But while Alito remained in government, Garland’s career also included several years in private practice at Arnold & Porter, where he was named a partner in 1985.  During this period, Garland also taught antitrust at Harvard Law School in 1986 and published articles – both on antitrust law – in the Harvard Law Review and Yale Law Journal.

In 1993, Garland was appointed as Deputy Assistant Attorney General in the Criminal Division of the Department of Justice.  In 1994, Garland became the Principal Associate Deputy Attorney General, with responsibilities that included the supervision of the Oklahoma City bombing case and the case against the Unabomber.

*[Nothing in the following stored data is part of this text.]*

(* Assume (A1) and fix all parameters except $\omega$. (i) As a function of $\omega\in[0,1]$, $P^*(\omega)$ is either strictly increasing on $[0,1]$, or strictly decreasing on $[0,1]$, or there exists $\omega_{P^*}\in(0,1)$ such that $P^*$ is strictly decreasing on $[0,\omega_{P^*})$ and strictly increasing on $(\omega_{P^*},1]$. As a function of $\omega\in[0,1]$, $Y^*(\omega)$ is either strictly increasing on $[0,1]$, or there exists $\omega_{Y^*}\in(0,1)$ such that $Y^*$ is strictly increasing on $[0,\omega_{Y^*})$ and strictly decreasing on $(\omega_{Y^*},1]$. (ii) Assume moreover $1/\sqrt{2\beta}<b<\min\{dA/(1-c),F^*\}$ and $$P^L(\omega)\ne P^*(\omega)-\frac{1-c}{1-c-\omega^2dh}\sqrt{b^2-\frac{1}{2\beta}}\quad\text{for all }\omega\in(0,1).$$ Then for each $j\in\{L,H\}$: on $(0,1)$, $P^j$ is either strictly increasing, or strictly decreasing, or there exists $\omega_{P^j}\in(0,1)$ such that $P^j$ is strictly decreasing on $(0,\omega_{P^j})$ and strictly increasing on $(\omega_{P^j},1)$; and $Y^j$ is either strictly increasing on $(0,1)$, or there exists $\omega_{Y^j}\in(0,1)$ such that $Y^j$ is strictly increasing on $(0,\omega_{Y^j})$ and strictly decreasing on $(\omega_{Y^j},1)$.
   Context: Let $g_I,g_P:\mathbb{R}\to\mathbb{R}$ be continuously differentiable functions, each satisfying: $g(0)=0$ and $g$ strictly increasing; $g$ convex on $(-\infty,0]$ and concave on $[0,+\infty)$, with maximal slope attained at $0$ and $g'(0)=1$; $g$ bounded above and below. Parameters: $A>0$, $c\in(0,1)$, $\gamma>0$, $\omega\in[0,1]$, $h>0$, $d>0$, $\sigma>0$, $\mu>0$, $F^*>0$, $b>0$, $\beta>0$. Let $G=(G_1,G_2,G_3):\mathbb{R}^3\to\mathbb{R}^3$ be defined by $G_1(Y,P,Z)=A+cY+\gamma g_I(Y-Z)+\omega hP$, $G_2(Y,P,Z)=P+\sigma g_P\big(\mu\big((1-\omega)F^*+\omega dY-P+b(2\alpha(Y,P)-1)\big)\big)$, $G_3(Y,P,Z)=Y$, where $\alpha(Y,P)=\dfrac{1}{1+e^{-4b\beta(P-(1-\omega)F^*-\omega dY)}}$. A steady state is a fixed point of $G$. Assumption (A1): $1-c-hd>0$. The steady state $S^*=(Y^*,P^*,Y^* )$ has $Y^*(\omega)=\frac{A+\omega(1-\omega)hF^*}{1-c-\omega^2dh}$, $P^*(\omega)=\frac{(1-\omega)(1-c)F^*+\omega dA}{1-c-\omega^2dh}$. When $b>1/\sqrt{2\beta}$, $G$ has exactly three steady states for each $\omega$, and $S^L(\omega)=(Y^L,P^L,Y^L)$, $S^H(\omega)=(Y^H,P^H,Y^H)$ denote the two with $P^L<P^*<P^H$. *)

theory Defs
  imports "HOL-Analysis.Analysis"
begin

definition admissible_g :: "(real \<Rightarrow> real) \<Rightarrow> bool" where
  "admissible_g g \<longleftrightarrow>
     (\<forall>x. g differentiable at x) \<and> continuous_on UNIV (deriv g) \<and>
     g 0 = 0 \<and> strict_mono g \<and>
     convex_on {..0} g \<and> concave_on {0..} g \<and>
     (\<forall>x. deriv g x \<le> deriv g 0) \<and> deriv g 0 = 1 \<and>
     bdd_above (range g) \<and> bdd_below (range g)"

definition alpha_fn :: "real \<Rightarrow> real \<Rightarrow> real \<Rightarrow> real \<Rightarrow> real \<Rightarrow> real \<Rightarrow> real \<Rightarrow> real" where
  "alpha_fn b \<beta> \<omega> Fs d Y P = 1 / (1 + exp (- 4 * b * \<beta> * (P - (1 - \<omega>) * Fs - \<omega> * d * Y)))"

definition G_map ::
  "(real \<Rightarrow> real) \<Rightarrow> (real \<Rightarrow> real) \<Rightarrow> real \<Rightarrow> real \<Rightarrow> real \<Rightarrow> real \<Rightarrow> real \<Rightarrow> real \<Rightarrow>
   real \<Rightarrow> real \<Rightarrow> real \<Rightarrow> real \<Rightarrow> real \<Rightarrow> real \<times> real \<times> real \<Rightarrow> real \<times> real \<times> real" where
  "G_map gI gP A c \<gamma> \<omega> h d \<sigma> \<mu> Fs b \<beta> = (\<lambda>(Y, P, Z).
     (A + c * Y + \<gamma> * gI (Y - Z) + \<omega> * h * P,
      P + \<sigma> * gP (\<mu> * ((1 - \<omega>) * Fs + \<omega> * d * Y - P + b * (2 * alpha_fn b \<beta> \<omega> Fs d Y P - 1))),
      Y))"

definition Ystar :: "real \<Rightarrow> real \<Rightarrow> real \<Rightarrow> real \<Rightarrow> real \<Rightarrow> real \<Rightarrow> real" where
  "Ystar A c h d Fs \<omega> = (A + \<omega> * (1 - \<omega>) * h * Fs) / (1 - c - \<omega>\<^sup>2 * d * h)"

definition Pstar :: "real \<Rightarrow> real \<Rightarrow> real \<Rightarrow> real \<Rightarrow> real \<Rightarrow> real \<Rightarrow> real" where
  "Pstar A c h d Fs \<omega> = ((1 - \<omega>) * (1 - c) * Fs + \<omega> * d * A) / (1 - c - \<omega>\<^sup>2 * d * h)"

end

theory Submission
  imports Defs
begin

text \<open>A steady state with \<open>Y = Z\<close> is determined by its deviation
\<open>x = P - (1 - \<omega>) F\<^sup>* - \<omega> d Y\<close>, which must solve \<open>x = b tanh (2 b \<beta> x)\<close>. This equation does
not involve \<open>\<omega>\<close> and has at most one root of each sign, so along a branch of steady states
lying on one side of \<open>S\<^sup>*\<close> the deviation is a constant \<open>x\<close>, and \<open>P\<^sup>j, Y\<^sup>j\<close> are the rational
functions of \<open>\<omega>\<close> obtained from \<open>P\<^sup>*, Y\<^sup>*\<close> by shifting their numerators by multiples of \<open>x\<close>;
moreover \<open>|x| < b\<close>. The shape of such a function on \<open>[0,1]\<close> is governed by the sign of
the quadratic numerator of its derivative: for \<open>P\<close> this quadratic is strictly increasing
on \<open>[0,1]\<close>, for \<open>Y\<close> it is positive at \<open>0\<close> and either nonnegative with at most one zero or
strictly decreasing.\<close>

lemma strict_antimono_on_uminus_iff:
  fixes f :: "'a::order \<Rightarrow> 'b::ordered_ab_group_add"
  shows "strict_antimono_on S (\<lambda>x. - f x) \<longleftrightarrow> strict_mono_on S f"
  by (auto simp: monotone_on_def)

lemma monotone_on_eq_on_subset:
  assumes "monotone_on S R R' g" "T \<subseteq> S" "\<And>x. x \<in> T \<Longrightarrow> f x = g x"
  shows "monotone_on T R R' f"
  using assms by (auto simp: monotone_on_def)

lemma strict_mono_on_if_deriv_pos_except:
  fixes f f' :: "real \<Rightarrow> real"
  assumes S: "is_interval S"
    and der: "\<And>z. z \<in> S \<Longrightarrow> (f has_real_derivative f' z) (at z)"
    and pos: "\<And>z. z \<in> S \<Longrightarrow> z \<noteq> t \<Longrightarrow> f' z > 0"
  shows "strict_mono_on S f"
proof (rule strict_mono_onI)
  have less: "f x < f y" if xy: "x \<in> S" "y \<in> S" "x < y" and t: "t \<notin> {x<..<y}" for x y
  proof (rule DERIV_pos_imp_increasing_open[OF \<open>x < y\<close>])
    have sub: "{x..y} \<subseteq> S"
      by (auto intro: mem_is_interval_1_I[OF S xy(1,2)])
    show "\<exists>l. (f has_real_derivative l) (at z) \<and> l > 0" if "x < z" "z < y" for z
    proof -
      have "z \<in> S" "z \<noteq> t"
        using sub t that by auto
      then show ?thesis
        using der pos by blast
    qed
    show "continuous_on {x..y} f"
      by (rule continuous_at_imp_continuous_on) (use der sub in \<open>blast intro: DERIV_isCont\<close>)
  qed
  fix x y assume xy: "x \<in> S" "y \<in> S" "x < y"
  show "f x < f y"
  proof (cases "t \<in> {x<..<y}")
    case True
    then have "t \<in> S"
      by (auto intro: mem_is_interval_1_I[OF S xy(1,2)])
    have "f x < f t"
      using xy True \<open>t \<in> S\<close> by (intro less) auto
    also have "f t < f y"
      using xy True \<open>t \<in> S\<close> by (intro less) auto
    finally show ?thesis .
  next
    case False
    with xy show ?thesis
      by (intro less) auto
  qed
qed

lemma strict_antimono_on_if_deriv_neg_except:
  fixes f f' :: "real \<Rightarrow> real"
  assumes "is_interval S"
    and der: "\<And>z. z \<in> S \<Longrightarrow> (f has_real_derivative f' z) (at z)"
    and "\<And>z. z \<in> S \<Longrightarrow> z \<noteq> t \<Longrightarrow> f' z < 0"
  shows "strict_antimono_on S f"
proof -
  have "strict_mono_on S (\<lambda>x. - f x)"
    by (rule strict_mono_on_if_deriv_pos_except[where f'="\<lambda>z. - f' z" and t=t])
       (use assms in \<open>auto intro: DERIV_minus\<close>)
  then show ?thesis
    using strict_antimono_on_uminus_iff[of S "\<lambda>x. - f x"] by simp
qed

Nomination To D.C. Circuit

In 1995, President Clinton nominated Garland for an opening on the D.C. Circuit, and he received a hearing in December of that year.  During that confirmation hearing, Garland was asked about “judicial activism.”  He answered that “[f]ederal judges do not have roving commissions to solve societal problems.  The role of the court is to apply law to the facts of the case before it – not to legislate, not to arrogate to itself the executive power, not to hand down advisory opinion on the issues of the day.”

Garland’s nomination was stalled by Senate Republicans, not because of opposition to him but because of a dispute over whether to fill the twelfth seat on that court at all.  Clinton re-nominated Garland in January 1997, and he was confirmed approximately three months later by a vote of 76-23.  But once again, opposition did not relate to Garland’s own qualifications.  To the contrary, Senator Orrin Hatch called him “not only a fine nominee, but … as good as Republicans can expect from [the Clinton] administration” (a sentiment Hatch repeated in 2003).  Garland also had the support of senior administration officials from the Reagan Justice Department, as well as that of Judge Laurence Silberman, who was appointed to the D.C. Circuit by Ronald Reagan.

Overview Regarding Confirmation And Impact Of Garland’s Appointment

Judge Garland’s record demonstrates that he is essentially the model, neutral judge.  He is acknowledged by all to be brilliant.  His opinions avoid unnecessary, sweeping pronouncements.

Judge Garland is also the “short list” candidate to replace Justice Stevens who is least likely to prompt a polarizing confirmation fight.  He has broad support on both sides of the aisle, and he has few ideologically controversial rulings.  Conservative commentators (see here, here, and here) have expressed support for a potential Garland nomination.

Of the three principal candidates – the other two being Solicitor General Elena Kagan and Judge Diane Wood – Judge Garland would also likely have the most immediate influence on the Court.  He is well known to the Justices and is likely the most respected by them collectively, particularly the more conservative Justices.  The fact that Judge Garland is not only extremely intelligent and respectful but exceptionally careful and quite centrist would mean that his views would have particular salience with, among others, Justices Kennedy and Alito.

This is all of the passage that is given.